Часу в первом в исходе, в то время, когда уже в зале накрывали на стол и Пелагея Петровна бегала впопыхах за кулисами, бранясь с Макаром и подирая за уши казачка, Щелкалов взялся было за шляпу. У Лидии Ивановны выступил холодный пот ужаса.
– Барон, что это вы? куда вы? – воскликнула она. – Сейчас подадут ужин… Не угодно ли вам будет чего-нибудь закусить, так, запросто, по-домашнему?
– Я никогда не ужинаю, – отвечал барон, – и к тому же что-то нехорошо себя чувствую… да и пора уже.
Барон взглянул на часы и зевнул.
– Я прошу вас, останьтесь, барон, – продолжала Лидия Ивановна, – может быть, вам придет аппетит и вы чего-нибудь скушаете.

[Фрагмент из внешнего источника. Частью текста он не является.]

definition mscale :: "complex \<Rightarrow> cdist \<Rightarrow> cdist" where
  "mscale a f = (\<lambda>u. map_option (\<lambda>b. a * b) (f u))"

definition msumset :: "'i set \<Rightarrow> ('i \<Rightarrow> complex) \<Rightarrow> ('i \<Rightarrow> cdist) \<Rightarrow> cdist" where
  "msumset I c F = (\<lambda>u. if (\<exists>i\<in>I. u \<in> dom (F i))
      then Some (\<Sum>i\<in>{i\<in>I. u \<in> dom (F i)}. c i * the (F i u)) else None)"

definition mapd :: "(trm \<Rightarrow> trm) \<Rightarrow> cdist \<Rightarrow> cdist" where
  "mapd g T = msumset (dom T) (\<lambda>t. the (T t)) (\<lambda>t. [g t \<mapsto> 1])"

primrec cls :: "dist \<Rightarrow> cdist" where
  "cls DZero = Map.empty"
| "cls (DTrm t) = [t \<mapsto> 1]"
| "cls (DPlus d e) = madd (cls d) (cls e)"
| "cls (DScal a d) = mscale a (cls d)"

definition bsubst :: "cdist \<Rightarrow> cdist \<Rightarrow> cdist" where
  "bsubst T W = msumset (dom W) (\<lambda>u. the (W u))
     (\<lambda>u. case u of TVal w \<Rightarrow> mapd (subst_t 0 w) T | _ \<Rightarrow> Map.empty)"

inductive atomic :: "trm \<Rightarrow> cdist \<Rightarrow> bool" where
  beta: "atomic (TApp (TVal (VLam d)) (TVal v)) (cls (subst_d 0 v d))"
| seq: "atomic (TSeq (TVal VUnit) d) (cls d)"
| lett: "atomic (TLet (TVal (VPair v1 v2)) d) (cls (subst_d 0 v1 (subst_d 0 v2 d)))"
| match_inl: "atomic (TMatch (TVal (VInl v)) d1 d2) (cls (subst_d 0 v d1))"
| match_inr: "atomic (TMatch (TVal (VInr v)) d1 d2) (cls (subst_d 0 v d2))"
| app_arg: "atomic t T \<Longrightarrow> atomic (TApp s t) (mapd (TApp s) T)"
| app_fun: "atomic s S \<Longrightarrow> atomic (TApp s (TVal v)) (mapd (\<lambda>u. TApp u (TVal v)) S)"
| seq_ctx: "atomic t T \<Longrightarrow> atomic (TSeq t d) (mapd (\<lambda>u. TSeq u d) T)"
| let_ctx: "atomic t T \<Longrightarrow> atomic (TLet t d) (mapd (\<lambda>u. TLet u d) T)"
| match_ctx: "atomic t T \<Longrightarrow> atomic (TMatch t d1 d2) (mapd (\<lambda>u. TMatch u d1 d2) T)"

definition step :: "cdist \<Rightarrow> cdist \<Rightarrow> bool" where
  "step D D' = (\<exists>a s S' r. finite (dom r) \<and> atomic s S' \<and>
      D = madd [s \<mapsto> a] r \<and> D' = madd (mscale a S') r)"

definition unit_sphere :: "cdist set" where
  "unit_sphere = {D. finite (dom D) \<and> dom D \<subseteq> {TVal v |v. closed_v 0 v} \<and>
      (\<Sum>u\<in>dom D. (cmod (the (D u)))\<^sup>2) = 1}"

definition realizes :: "cdist \<Rightarrow> cdist set \<Rightarrow> bool" where
  "realizes D A = (\<exists>V. step\<^sup>*\<^sup>* D V \<and> V \<in> A)"

definition arrow :: "cdist set \<Rightarrow> cdist set \<Rightarrow> cdist set" where
  "arrow A B = {D. \<exists>d. D = [TVal (VLam d) \<mapsto> 1] \<and> closed_v 0 (VLam d) \<and>
      (\<forall>V\<in>A. realizes (bsubst (cls d) V) B)}"

definition darrow :: "cdist set \<Rightarrow> cdist set \<Rightarrow> cdist set" where
  "darrow A B = {D \<in> unit_sphere. dom D \<subseteq> {TVal (VLam d) |d. True} \<and>
      (\<forall>V\<in>A. realizes (msumset (dom D) (\<lambda>u. the (D u))
          (\<lambda>u. case u of TVal (VLam d) \<Rightarrow> bsubst (cls d) V | _ \<Rightarrow> Map.empty)) B)}"

fun fsum :: "(complex \<times> dist) list \<Rightarrow> dist" where
  "fsum [] = DZero"
| "fsum [(a, d)] = DScal a d"
| "fsum ((a, d) # xs) = DPlus (DScal a d) (fsum xs)"

end

theory Submission
  imports Defs
begin

text \<open>Both memberships amount to: for every \<open>V \<in> A\<close>, \<open>(\<Sum>i \<alpha>\<^sub>i\<cdot>t\<^sub>i)\<langle>x:=V\<rangle>\<close> realizes \<open>B\<close>.
  For \<open>[[A \<rightarrow> B]]\<close> this is the definition; for \<open>[[A \<Rightarrow> B]]\<close> the definition speaks of
  \<open>\<Sum>i \<alpha>\<^sub>i\<cdot>t\<^sub>i\<langle>x:=V\<rangle>\<close>, which is the same distribution because \<open>T \<mapsto> T\<langle>x:=V\<rangle>\<close> is
  linear on canonical forms and every linear map commutes with taking the canonical form
  of a formal sum.\<close>

definition mcoeff :: "cdist \<Rightarrow> trm \<Rightarrow> complex" where
  "mcoeff f u = (case f u of None \<Rightarrow> 0 | Some a \<Rightarrow> a)"

lemma cdist_eqI:
  assumes "dom f = dom g" and "\<And>u. mcoeff f u = mcoeff g u"
  shows "f = g"
proof
  fix u
  show "f u = g u"
    using assms(1) assms(2)[of u] by (cases "f u"; cases "g u") (auto simp: mcoeff_def)
qed

lemma mcoeff_notin_dom: "u \<notin> dom f \<Longrightarrow> mcoeff f u = 0"
  by (simp add: mcoeff_def domIff)

lemma the_eq_mcoeff: "u \<in> dom f \<Longrightarrow> the (f u) = mcoeff f u"
  by (auto simp: mcoeff_def)

lemma mcoeff_singleton [simp]: "mcoeff [t \<mapsto> a] u = (if u = t then a else 0)"
  by (simp add: mcoeff_def)

lemma dom_madd [simp]: "dom (madd f g) = dom f \<union> dom g"
  by (auto simp: madd_def split: option.splits)

lemma mcoeff_madd [simp]: "mcoeff (madd f g) u = mcoeff f u + mcoeff g u"
  by (auto simp: madd_def mcoeff_def split: option.splits)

M-r Веретенников, я вас ни за что не пущу.
И Лидия Ивановна с любезностью отняла у него шляпу.
– Попросите барона, чтобы он остался, – прибавила она самым сладким и вкрадчивым голосом.
– Послушай, – сказал Веретенников барону, отведя его несколько в сторону, – в самом деле, останься, неловко… Они ведь для тебя, я думаю, состряпали неслыханный ужин, разорились!.. Ты, если не хочешь есть, то хоть посмотри на него. Все же им будет легче. Зачем этих бедных людей приводить в отчаяние?.. Останься…
– Ты думаешь? – возразил Щелкалов, зевая, – пожалуй. И он бросил свою шляпу, к несказанному удовольствию Лидии Ивановны.
– А знаете, – произнес Пруденский, обращаясь к сидевшим возле него, в том числе и ко мне, и понюхивая табак с расстановкой и глубокомысленно, потому что Пруденский делал все, даже и нюхал табак, глубокомысленно, – знаете, что нет худа без добра. Пословицы всегда верны, это практические выводы народной жизни. Если бы здесь не было сегодня этого ловкого светского фата, мы не имели бы такого ужина, который нас ожидает. Я предвижу, что это будет нечто вроде фестеня.